Pacific Gas And Electric Company Emerges From Chapter 11


Settlement Agreement Results in Significant Rate Reductions for Customers and Environmental Benefits for California

SAN FRANCISCO - Pacific Gas and Electric Company today emerged from the Chapter 11 process it initiated to resolve the financial challenges resulting from the California energy crisis. The resolution - supported by the company, its creditors, the California Public Utilities Commission (CPUC), labor, and environmental and consumer groups - restored the utility's investment grade credit ratings, satisfied all valid creditor claims, and provided the basis for a substantial reduction in electric rates, with the potential for additional savings to customers in the future.

"Regaining our investment grade credit ratings, paying creditors in full, and doing so without raising customer rates achieves our objectives, and puts the energy crisis behind us," said Robert D. Glynn, Jr., Chairman, CEO and President of PG&E Corporation.

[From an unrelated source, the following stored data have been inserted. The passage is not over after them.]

(* Let $n\in\mathbb{N}$, and let $\mathcal{H}\in C^1(\mathbb{R}^{n},\mathbb{R})$, $E\in C(\mathbb{R}^{n},\mathbb{R}^{n,n})$ and $z\in C(\mathbb{R}^{n},\mathbb{R}^{n})$ satisfy $E(x)^\top z(x)=\nabla\mathcal{H}(x)$ for all $x\in\mathbb{R}^n$. Assume further that $E(x)$ is symmetric and positive definite for every $x\in\mathbb{R}^n$. Define $\overline{E}\colon\mathbb{R}^n\times\mathbb{R}^n\to\mathbb{R}^{n,n}$ and $\overline{z}\colon\mathbb{R}^n\times\mathbb{R}^n\to\mathbb{R}^n$ by $$\overline{E}(x,\hat x):=E\!\left(\tfrac{\hat x+x}{2}\right),$$ $$\overline{z}(x,\hat x):=\begin{cases} z\!\left(\tfrac{\hat x+x}{2}\right)+\dfrac{\mathcal{H}(\hat x)-\mathcal{H}(x)-z\!\left(\tfrac{\hat x+x}{2}\right)^\top\overline{E}(x,\hat x)(\hat x-x)}{(\hat x-x)^\top\overline{E}(x,\hat x)(\hat x-x)}\,(\hat x-x), & \text{if } \hat x\neq x,\\[2mm] z(x), & \text{otherwise}.\end{cases}$$ Then $(\overline{E},\overline{z})$ is a discrete gradient pair for $(\mathcal{H},E,z)$.
   Context: Let $\mathcal{H}\in C^1(\mathbb{R}^n,\mathbb{R})$, $E\in C(\mathbb{R}^n,\mathbb{R}^{n,n})$ and $z\in C(\mathbb{R}^n,\mathbb{R}^n)$ satisfy $\nabla\mathcal{H}(x)=E(x)^\top z(x)$ for all $x\in\mathbb{R}^n$. A pair $(\overline{E},\overline{z})\in C(\mathbb{R}^n\times\mathbb{R}^n,\mathbb{R}^{n,n})\times C(\mathbb{R}^n\times\mathbb{R}^n,\mathbb{R}^n)$ (i.e. both maps continuous) is called a discrete gradient pair for $(\mathcal{H},E,z)$ if (i) $\overline{E}(x,x)=E(x)$ for all $x\in\mathbb{R}^n$; (ii) $\overline{z}(x,x)=z(x)$ for all $x\in\mathbb{R}^n$; (iii) $\overline{z}(x,\hat x)^\top\overline{E}(x,\hat x)(\hat x-x)=\mathcal{H}(\hat x)-\mathcal{H}(x)$ for all $(x,\hat x)\in\mathbb{R}^n\times\mathbb{R}^n$. *)

theory Defs
  imports "HOL-Analysis.Analysis"
begin

definition has_gradient_at :: "(real^'n \<Rightarrow> real) \<Rightarrow> real^'n \<Rightarrow> real^'n \<Rightarrow> bool" where
  "has_gradient_at H g x \<longleftrightarrow> (H has_derivative (\<lambda>h. g \<bullet> h)) (at x)"

definition C1_with_gradient :: "(real^'n \<Rightarrow> real) \<Rightarrow> (real^'n \<Rightarrow> real^'n) \<Rightarrow> bool" where
  "C1_with_gradient H grad \<longleftrightarrow> (\<forall>x. has_gradient_at H (grad x) x) \<and> continuous_on UNIV grad"

definition symmetric_matrix :: "real^'n^'n \<Rightarrow> bool" where
  "symmetric_matrix A \<longleftrightarrow> transpose A = A"

definition pos_def_matrix :: "real^'n^'n \<Rightarrow> bool" where
  "pos_def_matrix A \<longleftrightarrow> (\<forall>v. v \<noteq> 0 \<longrightarrow> v \<bullet> (A *v v) > 0)"

definition discrete_gradient_pair ::
  "(real^'n \<Rightarrow> real) \<Rightarrow> (real^'n \<Rightarrow> real^'n^'n) \<Rightarrow> (real^'n \<Rightarrow> real^'n)
   \<Rightarrow> (real^'n \<Rightarrow> real^'n \<Rightarrow> real^'n^'n) \<Rightarrow> (real^'n \<Rightarrow> real^'n \<Rightarrow> real^'n) \<Rightarrow> bool" where
  "discrete_gradient_pair H E z Eb zb \<longleftrightarrow>
     continuous_on UNIV (\<lambda>p. Eb (fst p) (snd p)) \<and>
     continuous_on UNIV (\<lambda>p. zb (fst p) (snd p)) \<and>
     (\<forall>x. Eb x x = E x) \<and>
     (\<forall>x. zb x x = z x) \<and>
     (\<forall>x xh. zb x xh \<bullet> (Eb x xh *v (xh - x)) = H xh - H x)"

end

theory Submission
  imports Defs
begin

text \<open>
  At the midpoint \<open>m\<close> of \<open>x\<close> and \<open>x\<^sub>h\<close>, with \<open>d = x\<^sub>h - x\<close>, the identity
  \<open>z(m) \<bullet> E(m) d = \<nabla>H(m) \<bullet> d\<close> holds, so the numerator of the correction term
  is \<open>H(x\<^sub>h) - H(x) - \<nabla>H(m) \<bullet> d\<close>, which is \<open>o(|d|)\<close> near the diagonal by the mean value
  theorem and continuity of \<open>\<nabla>H\<close>. Continuity of \<open>E\<close> and positive definiteness keep the
  denominator \<open>d \<bullet> E(m) d\<close> above \<open>c |d|\<^sup>2\<close> near the diagonal, so the correction vector
  tends to \<open>0\<close> there and the discrete gradient is continuous.
\<close>

definition midpoint_correction ::
  "(real^'n \<Rightarrow> real) \<Rightarrow> (real^'n \<Rightarrow> real^'n^'n) \<Rightarrow> (real^'n \<Rightarrow> real^'n)
   \<Rightarrow> real^'n \<Rightarrow> real^'n \<Rightarrow> real^'n" where
  "midpoint_correction H E z x xh =
     (let m = midpoint x xh; d = xh - x
      in ((H xh - H x - z m \<bullet> (E m *v d)) / (d \<bullet> (E m *v d))) *\<^sub>R d)"

definition midpoint_discrete_gradient ::
  "(real^'n \<Rightarrow> real) \<Rightarrow> (real^'n \<Rightarrow> real^'n^'n) \<Rightarrow> (real^'n \<Rightarrow> real^'n)
   \<Rightarrow> real^'n \<Rightarrow> real^'n \<Rightarrow> real^'n" where
  "midpoint_discrete_gradient H E z x xh =
     (if xh \<noteq> x then z (midpoint x xh) + midpoint_correction H E z x xh else z x)"

lemma midpoint_eq_half_sum: "midpoint x xh = (1/2) *\<^sub>R (xh + x)"
  by (simp add: midpoint_def add.commute)

lemma inner_add_quotient_scaleR:
  fixes u v w :: "'a::real_inner"
  assumes "v \<bullet> u \<noteq> 0"
  shows "(w + ((c - w \<bullet> u) / (v \<bullet> u)) *\<^sub>R v) \<bullet> u = c"
  using assms by (simp add: inner_add_left)

lemma norm_scaleR_quotient_le:
  fixes d :: "'a::real_normed_vector"
  assumes "\<bar>a\<bar> \<le> \<epsilon> * norm d" "c * (norm d)\<^sup>2 \<le> b" "0 < c" "0 \<le> \<epsilon>"
  shows "norm ((a / b) *\<^sub>R d) \<le> \<epsilon> / c"
proof (cases "d = 0")
  case False
  then have "0 < c * (norm d)\<^sup>2" using assms(3) by simp
  then have "norm ((a / b) *\<^sub>R d) \<le> \<epsilon> * norm d / (c * (norm d)\<^sup>2) * norm d"
    using assms by (auto simp: abs_divide intro!: mult_right_mono frac_le)
  also have "\<dots> = \<epsilon> / c"
    using False by (simp add: power2_eq_square)
  finally show ?thesis .
qed (use assms in simp)

lemma continuous_on_matrix_vector_mult [continuous_intros]:
  fixes A :: "'a::topological_space \<Rightarrow> real^'n^'m"
  assumes "continuous_on S A" "continuous_on S v"
  shows "continuous_on S (\<lambda>p. A p *v v p)"
  unfolding matrix_vector_mult_def using assms by (intro continuous_intros) auto

lemma norm_matrix_vector_mult_le:
  fixes A :: "real^'n^'m"
  shows "norm (A *v x) \<le> real CARD('m) * real CARD('n) * norm A * norm x"
proof -
  have "\<bar>A $ i $ j\<bar> \<le> norm A" for i j
    using component_le_norm_cart[of "A $ i" j] Finite_Cartesian_Product.norm_nth_le[of A i] by linarith
  then have "onorm ((*v) A) \<le> real CARD('m) * real CARD('n) * norm A"
    by (rule onorm_le_matrix_component)
  then have "onorm ((*v) A) * norm x \<le> real CARD('m) * real CARD('n) * norm A * norm x"
    by (rule mult_right_mono) simp
  then show ?thesis
    using onorm[OF matrix_vector_mul_bounded_linear, of A x] by linarith
qed

lemma pos_def_matrix_inner_pos: "pos_def_matrix A \<Longrightarrow> v \<noteq> 0 \<Longrightarrow> 0 < v \<bullet> (A *v v)"
  unfolding pos_def_matrix_def by blast

lemma pos_def_matrix_coercive:
  fixes A :: "real^'n^'n"
  assumes "pos_def_matrix A"
  obtains c where "0 < c" "\<And>v. c * (norm v)\<^sup>2 \<le> v \<bullet> (A *v v)"
proof -
  have "continuous_on (sphere 0 1) (\<lambda>v::real^'n. v \<bullet> (A *v v))"
    by (intro continuous_intros)
  then obtain u where u: "u \<in> sphere 0 1"
    and u_min: "\<And>w. w \<in> sphere 0 1 \<Longrightarrow> u \<bullet> (A *v u) \<le> w \<bullet> (A *v w)"
    using continuous_attains_inf[of "sphere (0::real^'n) 1"] by fastforce
  have "u \<noteq> 0"
    using u by auto
  then have "0 < u \<bullet> (A *v u)"
    using pos_def_matrix_inner_pos[OF assms] by blast
  moreover have "u \<bullet> (A *v u) * (norm v)\<^sup>2 \<le> v \<bullet> (A *v v)" for v
  proof (cases "v = 0")
    case False
    define w where "w = (1 / norm v) *\<^sub>R v"
    have w: "w \<in> sphere 0 1" and v: "v = norm v *\<^sub>R w"
      using False by (simp_all add: w_def)
    have "v \<bullet> (A *v v) = (norm v)\<^sup>2 * (w \<bullet> (A *v w))"
      by (subst (1 2) v) (simp add: matrix_vector_mult_scaleR power2_eq_square)
    then show ?thesis
      using u_min[OF w] by (simp add: mult.commute mult_right_mono)
  qed simp
  ultimately show ?thesis by (rule that)
qed

lemma pos_def_matrix_coercive_near:
  fixes E :: "'a::metric_space \<Rightarrow> real^'n^'n"
  assumes "isCont E x0" "pos_def_matrix (E x0)"
  obtains c where "0 < c" "\<forall>\<^sub>F y in nhds x0. \<forall>v. c * (norm v)\<^sup>2 \<le> v \<bullet> (E y *v v)"
proof -
  obtain c where c: "0 < c" "\<And>v. c * (norm v)\<^sup>2 \<le> v \<bullet> (E x0 *v v)"
    using pos_def_matrix_coercive[OF assms(2)] by blast
  define K :: real where "K = real CARD('n) * real CARD('n)"
  have "0 < K" by (simp add: K_def)
  have "0 < c / (2 * K)"
    using \<open>0 < c\<close> \<open>0 < K\<close> by simp
  then have near: "\<forall>\<^sub>F y in nhds x0. dist (E y) (E x0) < c / (2 * K)"
    using assms(1) unfolding continuous_at_eps_delta eventually_nhds_metric by blast
  have bound: "c / 2 * (norm v)\<^sup>2 \<le> v \<bullet> (E y *v v)"
    if "dist (E y) (E x0) < c / (2 * K)" for y v
  proof -
    have "\<bar>v \<bullet> ((E y - E x0) *v v)\<bar> \<le> norm v * norm ((E y - E x0) *v v)"
      by (rule Cauchy_Schwarz_ineq2)
    also have "\<dots> \<le> norm v * (K * norm (E y - E x0) * norm v)"
      unfolding K_def by (intro mult_left_mono norm_matrix_vector_mult_le norm_ge_zero)
    also have "\<dots> \<le> norm v * (K * (c / (2 * K)) * norm v)"
      using that \<open>0 < K\<close> by (intro mult_left_mono mult_right_mono) (auto simp: dist_norm)
    also have "\<dots> = c / 2 * (norm v)\<^sup>2"
      using \<open>0 < K\<close> by (simp add: power2_eq_square)
    finally have "\<bar>v \<bullet> ((E y - E x0) *v v)\<bar> \<le> c / 2 * (norm v)\<^sup>2" .
    moreover have "v \<bullet> (E y *v v) = v \<bullet> (E x0 *v v) + v \<bullet> ((E y - E x0) *v v)"
      by (simp add: matrix_vector_mult_diff_rdistrib inner_diff_right)
    ultimately show ?thesis
      using c(2)[of v] by linarith
  qed
  have "\<forall>\<^sub>F y in nhds x0. \<forall>v. c / 2 * (norm v)\<^sup>2 \<le> v \<bullet> (E y *v v)"
    using near by (rule eventually_mono) (use bound in blast)
  then show ?thesis
    by (rule that[rotated]) (use \<open>0 < c\<close> in simp)
qed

The settlement agreement approved by the CPUC resolves Pacific Gas and Electric Company's Chapter 11 case and provides many benefits for customers and the State of California, including:

  • A significant $800 million electric rate reduction for customers that was implemented in March. The company will continue to work with state and federal officials to pursue refunds from energy suppliers who charged excessive prices for gas and electricity during the energy crisis; and any refunds will go to further reduce customer rates.
  • Environmental benefits, such as the protection of 140,000 acres of sensitive watershed lands surrounding the company's hydroelectric facilities, and the creation of a non-profit corporation to support research and investment in clean energy technology.
  • Restoration of the utility's investment grade credit rating to allow the company to access the capital markets in order to finance the infrastructure improvements and long-term procurement of natural gas and electricity to meet customers' growing demand. In 2004, the company will invest approximately $1.4 billion in its electric and natural gas systems.

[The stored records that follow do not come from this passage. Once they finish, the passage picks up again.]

text \<open>The quantity b k' phi k plays the role of the effective resistance.\<close>
locale orthogonal_potentials =
  fixes F K :: "('n::finite \<times> 'n) set" and W :: "'n \<times> 'n \<Rightarrow> real"
    and b \<phi> :: "'n \<times> 'n \<Rightarrow> real^'n"
  assumes pos: "\<And>e. e \<in> F \<Longrightarrow> W e > 0"
    and neg: "\<And>k. k \<in> K \<Longrightarrow> W k < 0"
    and potential: "\<And>k y. k \<in> K \<Longrightarrow> lap_form F W (\<phi> k) y = b k \<bullet> y"
    and orthogonal: "\<And>k l. k \<in> K \<Longrightarrow> l \<in> K \<Longrightarrow> k \<noteq> l \<Longrightarrow> b l \<bullet> \<phi> k = 0"
begin

lemma resistance_eq_energy: "k \<in> K \<Longrightarrow> b k \<bullet> \<phi> k = lap_form F W (\<phi> k) (\<phi> k)"
  by (simp add: potential)

text \<open>A nonzero b k has positive resistance: zero energy would make phi k orthogonal
  to b k with respect to the form, forcing b k' b k = 0.\<close>
lemma resistance_pos:
  assumes k: "k \<in> K" and "b k \<noteq> 0"
  shows "0 < b k \<bullet> \<phi> k"
proof -
  have "b k \<bullet> \<phi> k \<noteq> 0"
  proof
    assume "b k \<bullet> \<phi> k = 0"
    then have "lap_form F W (\<phi> k) (\<phi> k) = 0" by (simp add: resistance_eq_energy[OF k])
    then have "lap_form F W (\<phi> k) (b k) = 0" using lap_form_zero_left pos by blast
    then show False using \<open>b k \<noteq> 0\<close> by (simp add: potential[OF k])
  qed
  moreover have "0 \<le> b k \<bullet> \<phi> k" by (simp add: resistance_eq_energy[OF k] lap_form_nonneg[of F W, OF pos])
  ultimately show ?thesis by simp
qed

text \<open>Necessity: evaluating the form at phi k gives R + W(k) R^2 \<ge> 0.\<close>
lemma psd_imp_resistance_bound:
  assumes psd: "\<And>x. 0 \<le> lap_form F W x x + (\<Sum>l\<in>K. W l * (b l \<bullet> x)^2)"
    and k: "k \<in> K"
  shows "- W k * (b k \<bullet> \<phi> k) \<le> 1"
proof -
  define R where "R = b k \<bullet> \<phi> k"
  have "(\<Sum>l\<in>K. W l * (b l \<bullet> \<phi> k)^2) = W k * R^2"
    unfolding R_def by (rule sum_eq_single_term) (simp_all add: k orthogonal)
  then have "0 \<le> R * (1 + W k * R)"
    using psd[of "\<phi> k"] resistance_eq_energy[OF k] by (simp add: R_def power2_eq_square algebra_simps)
  moreover have "0 \<le> R" using resistance_eq_energy[OF k] lap_form_nonneg[of F W, OF pos] by (simp add: R_def)
  ultimately show ?thesis
    by (cases "R = 0") (simp_all add: R_def zero_le_mult_iff)
qed

text \<open>Sufficiency: with y = sum_k t_k phi_k, t_k = -W(k) (b k' x), the form gives
  x'Lx \<ge> 2 y'Lx - y'Ly, where y'Lx = S := sum_k -W(k) (b k' x)^2 and
  y'Ly = sum_k t_k^2 R_k \<le> S by the bound.\<close>
lemma resistance_bound_imp_psd:
  assumes bound: "\<And>k. k \<in> K \<Longrightarrow> - W k * (b k \<bullet> \<phi> k) \<le> 1"
  shows "0 \<le> lap_form F W x x + (\<Sum>k\<in>K. W k * (b k \<bullet> x)^2)"
proof -
  define t where "t k = - W k * (b k \<bullet> x)" for k
  define y where "y = (\<Sum>k\<in>K. t k *\<^sub>R \<phi> k)"
  define S where "S = (\<Sum>k\<in>K. - W k * (b k \<bullet> x)^2)"
  have yx: "lap_form F W y x = S"
    unfolding y_def lap_form_sum_left S_def
    by (rule sum.cong) (simp_all add: potential t_def power2_eq_square)
  have b_y: "b k \<bullet> y = t k * (b k \<bullet> \<phi> k)" if k: "k \<in> K" for k
    unfolding y_def inner_sum_right inner_scaleR_right
    by (rule sum_eq_single_term) (simp_all add: k orthogonal)
  have "lap_form F W y y = (\<Sum>k\<in>K. t k * (b k \<bullet> y))"
    by (subst (1) y_def) (simp add: lap_form_sum_left potential)
  also have "\<dots> = (\<Sum>k\<in>K. (t k)^2 * (b k \<bullet> \<phi> k))"
    by (rule sum.cong) (simp_all add: b_y power2_eq_square)
  also have "\<dots> \<le> S"
    unfolding S_def
  proof (rule sum_mono)
    fix k assume k: "k \<in> K"
    have "(t k)^2 * (b k \<bullet> \<phi> k) = (- W k * (b k \<bullet> x)^2) * (- W k * (b k \<bullet> \<phi> k))"
      by (simp add: t_def power2_eq_square)
    also have "\<dots> \<le> - W k * (b k \<bullet> x)^2"
      using mult_left_mono[OF bound[OF k], of "- W k * (b k \<bullet> x)^2"] neg[OF k]
      by (simp add: mult_nonpos_nonneg)
    finally show "(t k)^2 * (b k \<bullet> \<phi> k) \<le> - W k * (b k \<bullet> x)^2" .
  qed
  finally have "lap_form F W y y \<le> S" .
  moreover have "0 \<le> lap_form F W (x - y) (x - y)" by (rule lap_form_nonneg[of F W, OF pos])
  ultimately have "S \<le> lap_form F W x x" using yx by (simp add: lap_form_diff)
  then show ?thesis by (simp add: S_def sum_negf)
qed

In addition, through an agreement reached with The Utility Reform Network, the company is working to obtain legislative approval to refinance a portion of its costs with a securitized dedicated rate component. If the refinancing is successful, customers could potentially save up to $1 billion in lower financing and tax costs over the term of the agreement.

"By emerging as a financially healthy company, we are on a solid foundation to continue investing in the infrastructure that delivers energy to our customers, and serves as the backbone of our state's economy," said Gordon R. Smith, Pacific Gas and Electric Company's President and CEO. "We will also be able to re-engage with the communities we serve, and return to the traditional roles we played with them, which were temporarily interrupted by the challenges of the energy crisis."

"By resolving these financial challenges in a collaborative manner, we are able to move forward on a sound financial basis in a more stable regulatory environment," Glynn added.

As it emerged from Chapter 11, Pacific Gas and Electric Company made approximately 2,100 payments resolving $8.4 billion in allowed creditor claims, and deposited $1.8 billion in escrow accounts for disputed claims. The company used the proceeds from the approximately $6.7 billion bond offering, $2.4 billion in cash on hand, $0.8 billion funded by term loans, and $0.3 billion from a credit facility to pay creditors. In addition, approximately $814 million in pollution control bonds was reinstated, and the company paid about $93 million in preferred stock dividends and sinking fund payments that were in arrears.

Pacific Gas and Electric Company voluntarily filed for reorganization under Chapter 11 of the U.S. Bankruptcy Code on April 6, 2001. On June 19, 2003, federal Judge Randall Newsome announced the settlement agreement between PG&E and the CPUC's staff. In December 2003, the CPUC approved the settlement agreement and the Bankruptcy Court confirmed the plan of reorganization.